Much more fun and creative than traditional AI benchmarks, a group of developers had the clever idea to pit various AI models against each other by having them build… Minecraft models!
The site MC-Bench — short for “Minecraft Benchmark” — invites visitors to evaluate the performance of today’s top AI engines by generating Minecraft creations for the best-selling game in the world.
The concept is simple: the competing AIs are given a prompt (such as “a hot dog”, “a coffee mug”, or more elaborate scene descriptions) and must generate code to build the creation in Minecraft.
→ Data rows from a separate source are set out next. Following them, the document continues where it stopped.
(* Assume Hypotheses 1, 2 and 3 (see context). For any $x\in\Gamma$ and each $\mathbf{z}\in\mathbb{R}^m$, the set $T(x)\cap\mathcal{I}(\mathbf{z})$ contains exactly one point.
   Context: System $\dot x=F(x)$ with $F=(f,g)$, i.e. $\dot a=f(a,z)$, $\dot z=g(a,z)$, $(a,z)\in\mathbb{R}^n\times\mathbb{R}^m$, $X=\mathbb{R}^n\times\mathbb{R}^m$, flow $\Phi(t,x)$. Euclidean inner product, norm, operator norm. $\mathcal{L}(x_1,x_2)=\|a_2-a_1\|^2-\|z_2-z_1\|^2$, $\mathcal{C}(x)=\{x'\in X:\mathcal{L}(x',x)\ge0\}$, $\mathbf{0}$ the zero vector of $X$; $\Pi(a,z)=a$, $\Pi_\perp(a,z)=z$; $\mathbb{B}_d(x)=\{(a',z'):\|a'-a\|\le d,\|z'-z\|\le d\}$. $\Gamma\subseteq U$ positively invariant means $\Phi(t,x)$ is defined for all $t\ge0$ for $x\in\Gamma$ and $\Phi(t,\Gamma)\subseteq\Gamma$. Hypothesis 1: $U$ open and convex, and there is $d>0$ with $\mathcal{C}(x)\cap U\subset\mathbb{B}_d(x)$ for all $x\in U$. Hypothesis 2: $f,g$ are $C^1$ on $U$; there exist continuous $\alpha>0$, $\ell\ge0$ on $U$ and $c_1>0$ with, for all $x\in U$: $\langle a',D_af(x)a'\rangle\ge\alpha(x)\|a'\|^2$; $\langle z',D_zg(x)z'\rangle\le\ell(x)\|z'\|^2$; $\alpha(x)\ge\ell(x)+\|D_zf(x)\|+\|D_ag(x)\|+c_1$. Hypothesis 3: $\Gamma\subset U$ is positively invariant and $\Pi_\perp(\Gamma)=\Pi_\perp(U)$. For $x\in\Gamma$, $Q(t,x)$ ($t\ge0$) denotes the fundamental matrix solution of the variational equation $\dot{\mathbf{x}}=DF(\Phi(t,x))\mathbf{x}$ with $Q(0,x)=I$. For $x\in\Gamma$, $T(x):=\{\mathbf{x}\in X: \mathcal{L}(Q(t,x)\mathbf{x},\mathbf{0})\le0\text{ for all }t\ge0\}$. For $\mathbf{z}\in\mathbb{R}^m$, $\mathcal{I}(\mathbf{z}):=\{(\mathbf{a},\mathbf{z}):\mathbf{a}\in\mathbb{R}^n\}$. *)

theory Defs
  imports "HOL-Analysis.Analysis"
begin

definition Lyap :: "((real^'n) \<times> (real^'m)) \<Rightarrow> ((real^'n) \<times> (real^'m)) \<Rightarrow> real" where
  "Lyap x1 x2 = (norm (fst x2 - fst x1))\<^sup>2 - (norm (snd x2 - snd x1))\<^sup>2"

definition cone :: "((real^'n) \<times> (real^'m)) \<Rightarrow> ((real^'n) \<times> (real^'m)) set" where
  "cone x = {x'. Lyap x' x \<ge> 0}"

definition boxB :: "real \<Rightarrow> ((real^'n) \<times> (real^'m)) \<Rightarrow> ((real^'n) \<times> (real^'m)) set" where
  "boxB d x = {x'. norm (fst x' - fst x) \<le> d \<and> norm (snd x' - snd x) \<le> d}"

definition fiber :: "real^'m \<Rightarrow> ((real^'n) \<times> (real^'m)) set" where
  "fiber zz = {(aa, zz) | aa. True}"

text \<open>T(x) for a given fundamental matrix solution Q of the variational equation.\<close>
definition Tset ::
  "(real \<Rightarrow> ((real^'n) \<times> (real^'m)) \<Rightarrow> ((real^'n) \<times> (real^'m)) \<Rightarrow>\<^sub>L ((real^'n) \<times> (real^'m)))
   \<Rightarrow> ((real^'n) \<times> (real^'m)) \<Rightarrow> ((real^'n) \<times> (real^'m)) set" where
  "Tset Q x = {v. \<forall>t\<ge>0. Lyap (blinfun_apply (Q t x) v) 0 \<le> 0}"

end

theory Submission
  imports Defs
begin

(* Write q(a, z) = |a|^2 - |z|^2, so that T(x) is the set of initial vectors v with
   q(Q t v) <= 0 for all t >= 0.  Hypothesis 2 yields, pointwise on U, the cone estimate
   2<a, Df (a,z)> - 2<z, Dg (a,z)> >= (alpha + ell + e) q(a,z) for every |e| <= c1.
   Along a solution of the variational equation this says that q(Q t v) grows at least
   like exp (integral of (alpha + ell) + e t); a Groenwall-type argument turns it into
   monotonicity of the weighted quantity exp (-(kappa t + e t)) q(Q t v), where kappa t
   is the integral of alpha + ell along the orbit up to time t.

   From this monotonicity alone (abstracted as the predicate weighted_increasing) the two
   halves of the theorem follow by finite-dimensional linear algebra:
   - existence: for each time t one can solve fst (Q t (a, z)) = 0, because q is positive on
     (a, 0) and the weighted monotonicity makes a -> fst (Q t (a, 0)) injective; such
     solutions stay in the negative cone for earlier times and are bounded by |z|, so a
     limit point of them along t = 0, 1, 2, ... lies in T(x);
   - uniqueness: the difference of two points of T(x) on one fibre lies in the positive cone
     and is expanded at rate exp (2 c1 t) relative to the midpoint, which contradicts the
     parallelogram law for q. *)

definition qform :: "'a::real_inner \<times> 'b::real_inner \<Rightarrow> real" where
  "qform u = (norm (fst u))\<^sup>2 - (norm (snd u))\<^sup>2"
Users are then invited to vote for the best build without knowing which AI model created it. Only after voting do they discover which AI was behind each (possibly questionable 👀) blocky masterpiece.
Rather than digging through code to understand what works, users can simply judge by appearance — making the benchmark accessible to a much broader audience.
At the origin of the project is Adi Singh, an American high school senior. For him, the strength of Minecraft lies in its popularity: everyone knows the game. Even if you’ve never played it, it’s easy to tell whether a build looks like a pineapple or a beach hut.
Beyond the entertainment factor, MC-Bench also highlights how some AIs that shine in traditional benchmarks don’t necessarily achieve the same level of performance in other types of use cases.
The MC-Bench results — where Claude Sonnet performs particularly well (with versions 3.7 and 3.5 topping GPT-4.5) — provide a more realistic view of what an average user might experience, compared to purely text-based benchmarks.
The project is currently maintained by eight contributors, and companies like Anthropic, Google, OpenAI, and Alibaba have provided support by allowing their models to be used for testing — though they are not officially involved.